Quand le vieux baryton chenu, pas beaucoup plus grand que son sax, nous distilla son cool, il se répandit sur ma peau, avec la même douceur que la main de mon amie qui venait de se poser sur mon bras. Le saxo, de sa voix grave et moelleuse, se promenait, désinvolte, détachant ses notes fluides sur le fond spasmodique des « slaps » de la contrebasse, souligné discrètement par des cymbales. Et moi, je les suivais dans leurs circonvolutions. La contrebasse se tut et laissa le baryton et la cymbale en tête à tête dans un dialogue complice. Ma gorge se serra comme toujours, c’est l’instant où je ressens l’amertume de ne pas être même un très mauvais musicien…
La petite fille avait disparu, son petit frère et sa jolie maman aussi.
Mais quand le big bang reprit un standard de Count Basie, un mouvement près de moi, me fit tourner la tête. Elle était là. Assise sur une chaise restée vide jusqu’à présent. Seule, au milieu de la foule des inconnus, à un regard de son papa. Elle se trémoussait sur son siège, trop grand pour elle. Lorsqu’elle s’appuyait sur le dossier, elle ne pouvait plus plier les jambes, je voyais bien que cela la gênait, elle n’était plus un bébé. Elle aurait bien voulu marquer la mesure avec son pied, comme le faisaient ses voisins, mais elle avait les jambes trop courtes. Alors elle essaya de s’asseoir sur le bord du siège, un pied frôlant le parquet, l’autre dans le vide. La position était inconfortable et son équilibre précaire.

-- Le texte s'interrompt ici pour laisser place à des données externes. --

(* Let $\mathcal{A}$ be an additive category, let $\mathcal{D}$ be a left weakly exact structure on $\mathcal{A}$ and let $I$ be a right weakly exact structure on $\mathcal{A}$. Then the class $\mathcal{W}$ of all kernel-cokernel pairs $A\xrightarrow{i}B\xrightarrow{d}C$ in $\mathcal{A}$ with $i\in I$ and $d\in\mathcal{D}$ is a weakly exact structure on $\mathcal{A}$.
   Context: Let $\mathcal{A}$ be an additive category. A kernel-cokernel pair (short exact sequence) is a pair of composable morphisms $A\xrightarrow{i}B\xrightarrow{d}C$ with $i$ a kernel of $d$ and $d$ a cokernel of $i$. A weakly exact structure on $\mathcal{A}$ is a class $\mathcal{W}$ of kernel-cokernel pairs, closed under isomorphisms of sequences and under finite direct sums of sequences, such that, calling $i$ an admissible monic (resp. $d$ an admissible epic) if $(i,d)\in\mathcal{W}$ for some $d$ (resp. some $i$): (E0) $1_A$ is an admissible monic for every object $A$; (E0)$^{op}$ $1_A$ is an admissible epic for every object $A$; (E2) for every admissible monic $i:A\to B$ and every morphism $t:A\to C$ the pushout of $i$ along $t$ exists and the resulting morphism $C\to S$ is an admissible monic; (E2)$^{op}$ for every admissible epic $h:A\to C$ and every morphism $t:B\to C$ the pullback of $h$ along $t$ exists and the resulting morphism $P\to B$ is an admissible epic. A right weakly exact structure on $\mathcal{A}$ is a class $I$ of morphisms that are kernels (of some morphism), closed under isomorphisms (of arrows), such that: (Id) for every object $X$, $1_X\in I$ and $0\to X$ is in $I$; (P) for every $f:X\to Y$ in $I$ and every morphism $h:X\to X'$ the pushout of $f$ along $h$ exists and the resulting morphism $f':X'\to Y'$ lies in $I$; (Q) if $A\xrightarrow{a}B\xrightarrow{b}C$ with $ba\in I$ and $a$ has a cokernel, then $a\in I$; (S) $I$ is closed under direct sums of morphisms. A left weakly exact structure is a class $\mathcal{D}$ of morphisms that are cokernels, closed under isomorphisms, satisfying the dual conditions: (Id$^{op}$) $1_X\in\mathcal{D}$ and $X\to 0$ is in $\mathcal{D}$ for all $X$; (P$^{op}$) pullbacks of morphisms in $\mathcal{D}$ along arbitrary morphisms exist and yield morphisms in $\mathcal{D}$; (Q$^{op}$) if $ba\in\mathcal{D}$ and $b$ has a kernel then $b\in\mathcal{D}$; (S$^{op}$) $\mathcal{D}$ is closed under direct sums of morphisms. *)

theory Defs
  imports Main
begin

record ('o, 'm) addcat =
  Ob   :: "'o set"
  Mor  :: "'m set"
  Dom  :: "'m \<Rightarrow> 'o"
  Cod  :: "'m \<Rightarrow> 'o"
  Cmp  :: "'m \<Rightarrow> 'm \<Rightarrow> 'm"   (* Cmp C g f = g after f *)
  Idm  :: "'o \<Rightarrow> 'm"
  Add  :: "'m \<Rightarrow> 'm \<Rightarrow> 'm"
  Neg  :: "'m \<Rightarrow> 'm"
  Zer  :: "'o \<Rightarrow> 'o \<Rightarrow> 'm"

definition hom :: "('o,'m,'x) addcat_scheme \<Rightarrow> 'm \<Rightarrow> 'o \<Rightarrow> 'o \<Rightarrow> bool" where
  "hom C f X Y \<longleftrightarrow> f \<in> Mor C \<and> Dom C f = X \<and> Cod C f = Y \<and> X \<in> Ob C \<and> Y \<in> Ob C"

definition category :: "('o,'m,'x) addcat_scheme \<Rightarrow> bool" where
  "category C \<longleftrightarrow>
     (\<forall>f\<in>Mor C. Dom C f \<in> Ob C \<and> Cod C f \<in> Ob C) \<and>
     (\<forall>X\<in>Ob C. hom C (Idm C X) X X) \<and>
     (\<forall>f g X Y Z. hom C f X Y \<longrightarrow> hom C g Y Z \<longrightarrow> hom C (Cmp C g f) X Z) \<and>
     (\<forall>f g h W X Y Z. hom C f W X \<longrightarrow> hom C g X Y \<longrightarrow> hom C h Y Z \<longrightarrow>
        Cmp C h (Cmp C g f) = Cmp C (Cmp C h g) f) \<and>
     (\<forall>f X Y. hom C f X Y \<longrightarrow> Cmp C f (Idm C X) = f \<and> Cmp C (Idm C Y) f = f)"

definition preadditive :: "('o,'m,'x) addcat_scheme \<Rightarrow> bool" where
  "preadditive C \<longleftrightarrow> category C \<and>
     (\<forall>X\<in>Ob C. \<forall>Y\<in>Ob C.
        hom C (Zer C X Y) X Y \<and>
        (\<forall>f g. hom C f X Y \<longrightarrow> hom C g X Y \<longrightarrow> hom C (Add C f g) X Y) \<and>
        (\<forall>f. hom C f X Y \<longrightarrow> hom C (Neg C f) X Y) \<and>
        (\<forall>f g h. hom C f X Y \<longrightarrow> hom C g X Y \<longrightarrow> hom C h X Y \<longrightarrow>
            Add C (Add C f g) h = Add C f (Add C g h)) \<and>
        (\<forall>f g. hom C f X Y \<longrightarrow> hom C g X Y \<longrightarrow> Add C f g = Add C g f) \<and>
        (\<forall>f. hom C f X Y \<longrightarrow> Add C f (Zer C X Y) = f) \<and>
        (\<forall>f. hom C f X Y \<longrightarrow> Add C f (Neg C f) = Zer C X Y)) \<and>
     (\<forall>f g h X Y Z. hom C f X Y \<longrightarrow> hom C g X Y \<longrightarrow> hom C h Y Z \<longrightarrow>
        Cmp C h (Add C f g) = Add C (Cmp C h f) (Cmp C h g)) \<and>
     (\<forall>f g h X Y Z. hom C h X Y \<longrightarrow> hom C f Y Z \<longrightarrow> hom C g Y Z \<longrightarrow>
        Cmp C (Add C f g) h = Add C (Cmp C f h) (Cmp C g h))"

definition zero_object :: "('o,'m,'x) addcat_scheme \<Rightarrow> 'o \<Rightarrow> bool" where
  "zero_object C Z \<longleftrightarrow> Z \<in> Ob C \<and>
     (\<forall>X\<in>Ob C. (\<exists>!f. hom C f Z X) \<and> (\<exists>!f. hom C f X Z))"

definition biproduct :: "('o,'m,'x) addcat_scheme \<Rightarrow> 'o \<Rightarrow> 'o \<Rightarrow> 'o \<Rightarrow> 'm \<Rightarrow> 'm \<Rightarrow> 'm \<Rightarrow> 'm \<Rightarrow> bool" where
  "biproduct C X1 X2 X i1 i2 p1 p2 \<longleftrightarrow>
     hom C i1 X1 X \<and> hom C i2 X2 X \<and> hom C p1 X X1 \<and> hom C p2 X X2 \<and>
     Cmp C p1 i1 = Idm C X1 \<and> Cmp C p2 i2 = Idm C X2 \<and>
     Cmp C p2 i1 = Zer C X1 X2 \<and> Cmp C p1 i2 = Zer C X2 X1 \<and>
     Add C (Cmp C i1 p1) (Cmp C i2 p2) = Idm C X"

definition additive :: "('o,'m,'x) addcat_scheme \<Rightarrow> bool" where
  "additive C \<longleftrightarrow> preadditive C \<and> (\<exists>Z. zero_object C Z) \<and>
     (\<forall>X1\<in>Ob C. \<forall>X2\<in>Ob C. \<exists>X i1 i2 p1 p2. biproduct C X1 X2 X i1 i2 p1 p2)"

definition is_kernel :: "('o,'m,'x) addcat_scheme \<Rightarrow> 'm \<Rightarrow> 'm \<Rightarrow> bool" where
  "is_kernel C i d \<longleftrightarrow> (\<exists>A B D. hom C i A B \<and> hom C d B D \<and> Cmp C d i = Zer C A D \<and>
     (\<forall>X g. hom C g X B \<longrightarrow> Cmp C d g = Zer C X D \<longrightarrow> (\<exists>!h. hom C h X A \<and> Cmp C i h = g)))"

definition is_cokernel :: "('o,'m,'x) addcat_scheme \<Rightarrow> 'm \<Rightarrow> 'm \<Rightarrow> bool" where
  "is_cokernel C d i \<longleftrightarrow> (\<exists>A B D. hom C i A B \<and> hom C d B D \<and> Cmp C d i = Zer C A D \<and>
     (\<forall>X g. hom C g B X \<longrightarrow> Cmp C g i = Zer C A X \<longrightarrow> (\<exists>!h. hom C h D X \<and> Cmp C h d = g)))"

definition is_iso :: "('o,'m,'x) addcat_scheme \<Rightarrow> 'm \<Rightarrow> bool" where
  "is_iso C f \<longleftrightarrow> (\<exists>X Y g. hom C f X Y \<and> hom C g Y X \<and> Cmp C g f = Idm C X \<and> Cmp C f g = Idm C Y)"

definition iso_arrows :: "('o,'m,'x) addcat_scheme \<Rightarrow> 'm \<Rightarrow> 'm \<Rightarrow> bool" where
  "iso_arrows C f f' \<longleftrightarrow> (\<exists>X Y X' Y' a b. hom C f X Y \<and> hom C f' X' Y' \<and>
     hom C a X X' \<and> hom C b Y Y' \<and> is_iso C a \<and> is_iso C b \<and> Cmp C f' a = Cmp C b f)"

definition is_pushout :: "('o,'m,'x) addcat_scheme \<Rightarrow> 'm \<Rightarrow> 'm \<Rightarrow> 'm \<Rightarrow> 'm \<Rightarrow> bool" where
  "is_pushout C f h h' f' \<longleftrightarrow> (\<exists>X Y X' P. hom C f X Y \<and> hom C h X X' \<and> hom C h' Y P \<and>
     hom C f' X' P \<and> Cmp C h' f = Cmp C f' h \<and>
     (\<forall>Q u v. hom C u Y Q \<longrightarrow> hom C v X' Q \<longrightarrow> Cmp C u f = Cmp C v h \<longrightarrow>
        (\<exists>!w. hom C w P Q \<and> Cmp C w h' = u \<and> Cmp C w f' = v)))"

definition is_pullback :: "('o,'m,'x) addcat_scheme \<Rightarrow> 'm \<Rightarrow> 'm \<Rightarrow> 'm \<Rightarrow> 'm \<Rightarrow> bool" where
  "is_pullback C g t t' g' \<longleftrightarrow> (\<exists>X Y Z P. hom C g Y Z \<and> hom C t X Z \<and> hom C t' P Y \<and>
     hom C g' P X \<and> Cmp C g t' = Cmp C t g' \<and>
     (\<forall>Q u v. hom C u Q Y \<longrightarrow> hom C v Q X \<longrightarrow> Cmp C g u = Cmp C t v \<longrightarrow>
        (\<exists>!w. hom C w Q P \<and> Cmp C t' w = u \<and> Cmp C g' w = v)))"

definition dsum_mor :: "('o,'m,'x) addcat_scheme \<Rightarrow> 'm \<Rightarrow> 'm \<Rightarrow> 'm \<Rightarrow> bool" where
  "dsum_mor C f f1 f2 \<longleftrightarrow> (\<exists>X1 X2 X Y1 Y2 Y i1 i2 p1 p2 j1 j2 q1 q2.
     hom C f1 X1 Y1 \<and> hom C f2 X2 Y2 \<and>
     biproduct C X1 X2 X i1 i2 p1 p2 \<and> biproduct C Y1 Y2 Y j1 j2 q1 q2 \<and>
     f = Add C (Cmp C j1 (Cmp C f1 p1)) (Cmp C j2 (Cmp C f2 p2)))"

Les cuivres dans un chorus général la firent sursauter, elle se rassit, les jambes ballantes, penchée en avant, les mains tenant les bords de la chaise. Sur le podium, les musiciens étaient debout pour donner plus de force à leur interprétation : elle les regardait, étonnée, captivée… la bouche ouverte.
Le morceau terminé, nous échangeâmes quelques mots avec mon amie. Lorsque je me retournais, la chaise était vide, son papa avait lui aussi disparu.
Je la cherchais des yeux.
J’aperçus enfin sous les grands arbres la robe jaune et bleue, ils étaient déjà loin, ils s’éloignaient vers le fond du parc, se tenant par la main.